**WORK INSTRUCTION**
From the entries that follow, copy exactly the lines beginning at the line holding "n a \<longleftrightarrow>" and continuing through the line holding "unfolding a_def by".

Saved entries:

=======

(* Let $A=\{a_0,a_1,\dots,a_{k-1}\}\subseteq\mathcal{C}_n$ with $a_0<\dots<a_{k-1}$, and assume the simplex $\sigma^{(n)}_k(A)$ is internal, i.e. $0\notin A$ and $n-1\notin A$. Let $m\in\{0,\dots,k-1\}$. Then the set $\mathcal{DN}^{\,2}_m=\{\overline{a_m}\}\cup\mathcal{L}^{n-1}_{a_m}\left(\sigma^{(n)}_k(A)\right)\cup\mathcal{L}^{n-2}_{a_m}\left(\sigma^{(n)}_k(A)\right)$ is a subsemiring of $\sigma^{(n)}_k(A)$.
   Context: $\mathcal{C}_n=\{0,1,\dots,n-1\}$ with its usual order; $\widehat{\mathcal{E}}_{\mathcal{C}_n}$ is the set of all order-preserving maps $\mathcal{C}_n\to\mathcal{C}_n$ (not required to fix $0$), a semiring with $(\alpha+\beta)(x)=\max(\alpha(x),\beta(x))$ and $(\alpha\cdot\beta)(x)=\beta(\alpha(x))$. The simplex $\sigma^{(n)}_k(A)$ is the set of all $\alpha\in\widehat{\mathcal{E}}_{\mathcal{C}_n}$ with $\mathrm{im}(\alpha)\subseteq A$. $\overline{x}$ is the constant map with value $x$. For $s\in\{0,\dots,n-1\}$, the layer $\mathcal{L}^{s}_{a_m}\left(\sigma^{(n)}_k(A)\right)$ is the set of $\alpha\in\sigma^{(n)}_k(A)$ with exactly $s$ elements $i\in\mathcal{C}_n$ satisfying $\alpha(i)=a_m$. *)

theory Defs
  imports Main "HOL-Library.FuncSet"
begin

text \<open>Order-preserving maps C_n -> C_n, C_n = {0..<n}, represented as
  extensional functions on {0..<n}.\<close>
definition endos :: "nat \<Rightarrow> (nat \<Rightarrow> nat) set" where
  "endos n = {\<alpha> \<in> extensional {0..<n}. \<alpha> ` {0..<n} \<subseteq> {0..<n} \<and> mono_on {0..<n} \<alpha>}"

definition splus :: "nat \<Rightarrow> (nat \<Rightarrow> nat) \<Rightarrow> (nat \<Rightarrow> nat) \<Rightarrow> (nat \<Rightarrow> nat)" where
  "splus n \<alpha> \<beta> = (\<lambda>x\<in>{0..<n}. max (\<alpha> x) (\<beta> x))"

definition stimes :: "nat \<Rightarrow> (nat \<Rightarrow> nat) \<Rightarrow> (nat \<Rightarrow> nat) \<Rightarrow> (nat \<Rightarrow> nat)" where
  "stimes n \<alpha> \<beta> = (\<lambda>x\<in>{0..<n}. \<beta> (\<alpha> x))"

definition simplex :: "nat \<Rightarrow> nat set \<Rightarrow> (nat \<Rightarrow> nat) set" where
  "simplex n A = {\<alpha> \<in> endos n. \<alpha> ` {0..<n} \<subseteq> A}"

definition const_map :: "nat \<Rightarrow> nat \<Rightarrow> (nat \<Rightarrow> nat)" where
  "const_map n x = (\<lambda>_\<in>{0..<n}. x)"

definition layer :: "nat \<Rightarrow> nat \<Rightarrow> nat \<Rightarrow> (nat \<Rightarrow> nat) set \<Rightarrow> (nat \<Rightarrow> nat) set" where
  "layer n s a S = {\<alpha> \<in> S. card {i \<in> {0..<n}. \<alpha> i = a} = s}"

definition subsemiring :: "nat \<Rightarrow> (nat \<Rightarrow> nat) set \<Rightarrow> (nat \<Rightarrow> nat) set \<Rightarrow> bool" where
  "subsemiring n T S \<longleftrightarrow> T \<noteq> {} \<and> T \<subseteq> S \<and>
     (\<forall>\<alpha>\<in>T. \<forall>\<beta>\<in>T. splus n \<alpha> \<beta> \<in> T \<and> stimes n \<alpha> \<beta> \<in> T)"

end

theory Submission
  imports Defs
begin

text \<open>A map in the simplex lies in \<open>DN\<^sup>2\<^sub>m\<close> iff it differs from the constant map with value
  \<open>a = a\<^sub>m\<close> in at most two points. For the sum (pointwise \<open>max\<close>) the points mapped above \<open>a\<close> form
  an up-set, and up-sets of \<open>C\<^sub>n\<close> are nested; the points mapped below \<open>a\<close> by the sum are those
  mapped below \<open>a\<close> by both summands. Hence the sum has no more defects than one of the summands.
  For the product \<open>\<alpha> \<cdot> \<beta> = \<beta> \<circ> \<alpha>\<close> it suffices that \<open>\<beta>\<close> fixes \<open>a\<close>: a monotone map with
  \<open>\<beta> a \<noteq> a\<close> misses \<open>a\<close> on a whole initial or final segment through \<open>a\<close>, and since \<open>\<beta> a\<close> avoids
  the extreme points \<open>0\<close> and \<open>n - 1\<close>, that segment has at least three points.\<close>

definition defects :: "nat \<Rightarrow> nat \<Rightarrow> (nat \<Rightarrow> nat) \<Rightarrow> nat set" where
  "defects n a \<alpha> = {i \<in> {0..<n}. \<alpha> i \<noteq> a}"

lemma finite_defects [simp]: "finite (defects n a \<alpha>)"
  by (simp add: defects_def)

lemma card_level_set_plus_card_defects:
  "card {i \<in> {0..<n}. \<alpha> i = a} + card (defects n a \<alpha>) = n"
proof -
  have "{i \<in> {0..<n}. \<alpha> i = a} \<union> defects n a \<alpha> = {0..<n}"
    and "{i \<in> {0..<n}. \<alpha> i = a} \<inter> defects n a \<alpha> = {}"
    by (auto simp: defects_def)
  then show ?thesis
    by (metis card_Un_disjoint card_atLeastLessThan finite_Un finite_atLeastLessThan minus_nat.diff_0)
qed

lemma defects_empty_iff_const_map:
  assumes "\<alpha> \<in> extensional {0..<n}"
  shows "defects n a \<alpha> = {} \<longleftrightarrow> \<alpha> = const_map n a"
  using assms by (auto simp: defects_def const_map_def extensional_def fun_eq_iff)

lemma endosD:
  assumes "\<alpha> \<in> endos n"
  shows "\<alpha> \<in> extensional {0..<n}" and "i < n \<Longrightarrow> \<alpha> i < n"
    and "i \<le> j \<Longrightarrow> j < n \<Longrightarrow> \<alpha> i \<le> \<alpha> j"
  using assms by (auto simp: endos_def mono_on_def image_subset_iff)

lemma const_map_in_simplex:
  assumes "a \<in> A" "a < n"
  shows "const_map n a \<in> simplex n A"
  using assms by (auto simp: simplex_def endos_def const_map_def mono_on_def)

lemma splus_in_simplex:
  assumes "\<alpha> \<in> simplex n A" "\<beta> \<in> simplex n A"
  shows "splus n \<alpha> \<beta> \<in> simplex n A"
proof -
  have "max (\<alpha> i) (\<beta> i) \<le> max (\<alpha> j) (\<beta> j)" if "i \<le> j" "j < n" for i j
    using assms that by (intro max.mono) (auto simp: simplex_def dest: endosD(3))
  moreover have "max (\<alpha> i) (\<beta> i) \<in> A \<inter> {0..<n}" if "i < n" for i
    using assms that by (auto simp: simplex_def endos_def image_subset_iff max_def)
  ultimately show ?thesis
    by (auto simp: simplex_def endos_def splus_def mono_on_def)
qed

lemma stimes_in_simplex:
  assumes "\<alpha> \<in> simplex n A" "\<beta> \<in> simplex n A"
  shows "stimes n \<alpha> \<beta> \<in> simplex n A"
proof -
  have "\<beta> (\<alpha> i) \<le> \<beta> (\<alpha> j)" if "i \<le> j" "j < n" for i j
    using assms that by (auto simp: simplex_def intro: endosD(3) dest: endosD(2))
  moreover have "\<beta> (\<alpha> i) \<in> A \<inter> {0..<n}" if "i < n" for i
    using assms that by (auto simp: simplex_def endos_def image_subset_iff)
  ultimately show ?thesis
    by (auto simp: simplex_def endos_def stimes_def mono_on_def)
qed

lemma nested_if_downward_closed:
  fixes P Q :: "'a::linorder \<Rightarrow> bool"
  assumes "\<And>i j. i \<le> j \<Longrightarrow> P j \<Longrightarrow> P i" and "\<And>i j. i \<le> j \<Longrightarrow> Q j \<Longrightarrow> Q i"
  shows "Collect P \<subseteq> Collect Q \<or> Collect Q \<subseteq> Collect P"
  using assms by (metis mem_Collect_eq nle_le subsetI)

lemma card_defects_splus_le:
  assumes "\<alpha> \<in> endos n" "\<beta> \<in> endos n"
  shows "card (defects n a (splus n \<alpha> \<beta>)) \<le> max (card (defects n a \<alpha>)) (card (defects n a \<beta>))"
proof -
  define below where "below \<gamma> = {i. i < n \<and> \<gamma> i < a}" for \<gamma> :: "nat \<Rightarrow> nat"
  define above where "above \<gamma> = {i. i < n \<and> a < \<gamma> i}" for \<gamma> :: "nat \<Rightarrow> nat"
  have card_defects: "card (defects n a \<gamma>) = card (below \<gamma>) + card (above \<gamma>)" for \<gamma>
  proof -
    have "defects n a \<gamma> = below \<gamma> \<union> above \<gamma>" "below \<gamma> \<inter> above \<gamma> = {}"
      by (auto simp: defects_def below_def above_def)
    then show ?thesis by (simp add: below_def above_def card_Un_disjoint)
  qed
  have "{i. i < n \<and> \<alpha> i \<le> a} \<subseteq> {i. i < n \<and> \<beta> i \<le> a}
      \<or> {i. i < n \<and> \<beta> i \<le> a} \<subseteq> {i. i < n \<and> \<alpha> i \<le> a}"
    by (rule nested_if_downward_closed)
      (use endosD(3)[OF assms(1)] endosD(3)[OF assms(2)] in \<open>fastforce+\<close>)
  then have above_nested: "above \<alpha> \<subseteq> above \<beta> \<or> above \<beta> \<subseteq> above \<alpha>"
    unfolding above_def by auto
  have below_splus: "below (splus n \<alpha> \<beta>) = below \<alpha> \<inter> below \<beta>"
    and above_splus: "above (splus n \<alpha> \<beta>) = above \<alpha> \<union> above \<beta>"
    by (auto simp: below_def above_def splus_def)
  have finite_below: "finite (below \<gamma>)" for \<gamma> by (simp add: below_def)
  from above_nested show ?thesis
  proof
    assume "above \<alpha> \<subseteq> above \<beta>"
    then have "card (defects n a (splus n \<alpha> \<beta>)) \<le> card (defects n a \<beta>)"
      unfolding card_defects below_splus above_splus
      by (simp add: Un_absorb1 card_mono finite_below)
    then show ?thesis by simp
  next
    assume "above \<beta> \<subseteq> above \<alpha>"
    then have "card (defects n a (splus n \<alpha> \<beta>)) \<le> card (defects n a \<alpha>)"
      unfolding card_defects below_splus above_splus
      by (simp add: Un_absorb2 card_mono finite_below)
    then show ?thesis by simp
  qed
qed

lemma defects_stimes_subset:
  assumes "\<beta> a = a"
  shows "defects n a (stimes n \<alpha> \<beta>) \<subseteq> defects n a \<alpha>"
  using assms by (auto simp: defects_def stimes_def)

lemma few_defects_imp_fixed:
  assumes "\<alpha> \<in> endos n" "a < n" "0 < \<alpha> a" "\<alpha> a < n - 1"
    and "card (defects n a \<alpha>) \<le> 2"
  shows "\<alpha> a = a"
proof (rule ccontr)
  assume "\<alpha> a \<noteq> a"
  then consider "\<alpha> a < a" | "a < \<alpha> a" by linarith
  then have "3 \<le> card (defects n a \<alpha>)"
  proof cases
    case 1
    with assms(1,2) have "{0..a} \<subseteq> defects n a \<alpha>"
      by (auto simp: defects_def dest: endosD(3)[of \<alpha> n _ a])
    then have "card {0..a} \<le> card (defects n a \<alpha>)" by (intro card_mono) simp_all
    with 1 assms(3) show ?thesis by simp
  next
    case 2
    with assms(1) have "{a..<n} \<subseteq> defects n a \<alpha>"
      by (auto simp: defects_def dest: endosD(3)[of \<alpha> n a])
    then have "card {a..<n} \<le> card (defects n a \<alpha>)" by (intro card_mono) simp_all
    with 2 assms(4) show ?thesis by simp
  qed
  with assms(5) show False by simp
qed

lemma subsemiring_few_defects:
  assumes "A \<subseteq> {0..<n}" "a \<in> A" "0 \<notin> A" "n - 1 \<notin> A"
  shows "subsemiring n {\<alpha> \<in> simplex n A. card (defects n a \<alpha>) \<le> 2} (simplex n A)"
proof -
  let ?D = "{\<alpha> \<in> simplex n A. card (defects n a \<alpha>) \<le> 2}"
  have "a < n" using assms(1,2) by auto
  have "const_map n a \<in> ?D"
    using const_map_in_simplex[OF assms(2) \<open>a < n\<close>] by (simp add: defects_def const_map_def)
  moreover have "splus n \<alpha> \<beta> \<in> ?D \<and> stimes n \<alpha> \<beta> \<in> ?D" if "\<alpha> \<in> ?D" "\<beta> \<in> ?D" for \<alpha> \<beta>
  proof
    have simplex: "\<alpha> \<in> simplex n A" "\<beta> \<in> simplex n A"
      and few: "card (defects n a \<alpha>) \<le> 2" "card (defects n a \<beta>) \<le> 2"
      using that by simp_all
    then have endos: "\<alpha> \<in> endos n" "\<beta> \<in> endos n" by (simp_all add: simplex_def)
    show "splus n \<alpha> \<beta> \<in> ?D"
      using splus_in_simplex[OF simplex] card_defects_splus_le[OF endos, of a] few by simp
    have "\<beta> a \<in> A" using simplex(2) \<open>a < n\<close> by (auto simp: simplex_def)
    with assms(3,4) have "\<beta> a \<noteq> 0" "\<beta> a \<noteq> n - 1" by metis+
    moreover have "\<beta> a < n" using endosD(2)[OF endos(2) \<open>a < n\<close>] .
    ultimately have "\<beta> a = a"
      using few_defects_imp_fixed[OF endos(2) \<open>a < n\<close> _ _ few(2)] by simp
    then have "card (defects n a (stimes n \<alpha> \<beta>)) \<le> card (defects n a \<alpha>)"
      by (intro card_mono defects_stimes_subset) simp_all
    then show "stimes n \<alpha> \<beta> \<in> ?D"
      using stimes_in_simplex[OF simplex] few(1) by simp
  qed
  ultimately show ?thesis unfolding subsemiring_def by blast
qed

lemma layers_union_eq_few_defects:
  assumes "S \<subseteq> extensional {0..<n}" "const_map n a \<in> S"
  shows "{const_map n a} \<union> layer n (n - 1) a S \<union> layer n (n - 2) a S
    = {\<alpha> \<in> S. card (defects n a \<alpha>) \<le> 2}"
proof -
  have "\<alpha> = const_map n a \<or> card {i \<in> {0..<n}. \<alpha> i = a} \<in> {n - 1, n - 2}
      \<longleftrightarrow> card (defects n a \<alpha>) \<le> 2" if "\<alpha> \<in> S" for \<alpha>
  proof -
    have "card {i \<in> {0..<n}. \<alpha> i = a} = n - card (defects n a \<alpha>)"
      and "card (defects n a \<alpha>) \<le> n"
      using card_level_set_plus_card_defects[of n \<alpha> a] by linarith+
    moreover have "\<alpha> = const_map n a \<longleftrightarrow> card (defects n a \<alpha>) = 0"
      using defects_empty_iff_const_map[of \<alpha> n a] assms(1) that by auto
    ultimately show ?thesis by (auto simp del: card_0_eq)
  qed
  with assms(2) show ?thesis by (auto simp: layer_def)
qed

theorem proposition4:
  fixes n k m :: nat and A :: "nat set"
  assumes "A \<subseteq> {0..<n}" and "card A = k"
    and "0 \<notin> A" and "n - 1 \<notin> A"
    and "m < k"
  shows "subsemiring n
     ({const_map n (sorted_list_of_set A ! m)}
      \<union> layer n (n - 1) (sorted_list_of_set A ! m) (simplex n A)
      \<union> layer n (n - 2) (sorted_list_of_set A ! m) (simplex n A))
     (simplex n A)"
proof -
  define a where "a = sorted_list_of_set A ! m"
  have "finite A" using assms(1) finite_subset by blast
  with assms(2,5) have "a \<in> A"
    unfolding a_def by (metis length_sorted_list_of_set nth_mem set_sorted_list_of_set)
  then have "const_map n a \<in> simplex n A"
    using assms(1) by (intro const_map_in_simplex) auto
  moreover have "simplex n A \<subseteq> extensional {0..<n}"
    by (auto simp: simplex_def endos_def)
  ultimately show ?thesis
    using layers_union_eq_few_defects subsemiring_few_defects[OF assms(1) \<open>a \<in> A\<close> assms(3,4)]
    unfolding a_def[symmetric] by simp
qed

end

=======

**TASK RESPONSE**
    moreover have "\<alpha> = const_map n a \<longleftrightarrow> card (defects n a \<alpha>) = 0"
      using defects_empty_iff_const_map[of \<alpha> n a] assms(1) that by auto
    ultimately show ?thesis by (auto simp del: card_0_eq)
  qed
  with assms(2) show ?thesis by (auto simp: layer_def)
qed

theorem proposition4:
  fixes n k m :: nat and A :: "nat set"
  assumes "A \<subseteq> {0..<n}" and "card A = k"
    and "0 \<notin> A" and "n - 1 \<notin> A"
    and "m < k"
  shows "subsemiring n
     ({const_map n (sorted_list_of_set A ! m)}
      \<union> layer n (n - 1) (sorted_list_of_set A ! m) (simplex n A)
      \<union> layer n (n - 2) (sorted_list_of_set A ! m) (simplex n A))
     (simplex n A)"
proof -
  define a where "a = sorted_list_of_set A ! m"
  have "finite A" using assms(1) finite_subset by blast
  with assms(2,5) have "a \<in> A"
    unfolding a_def by (metis length_sorted_list_of_set nth_mem set_sorted_list_of_set)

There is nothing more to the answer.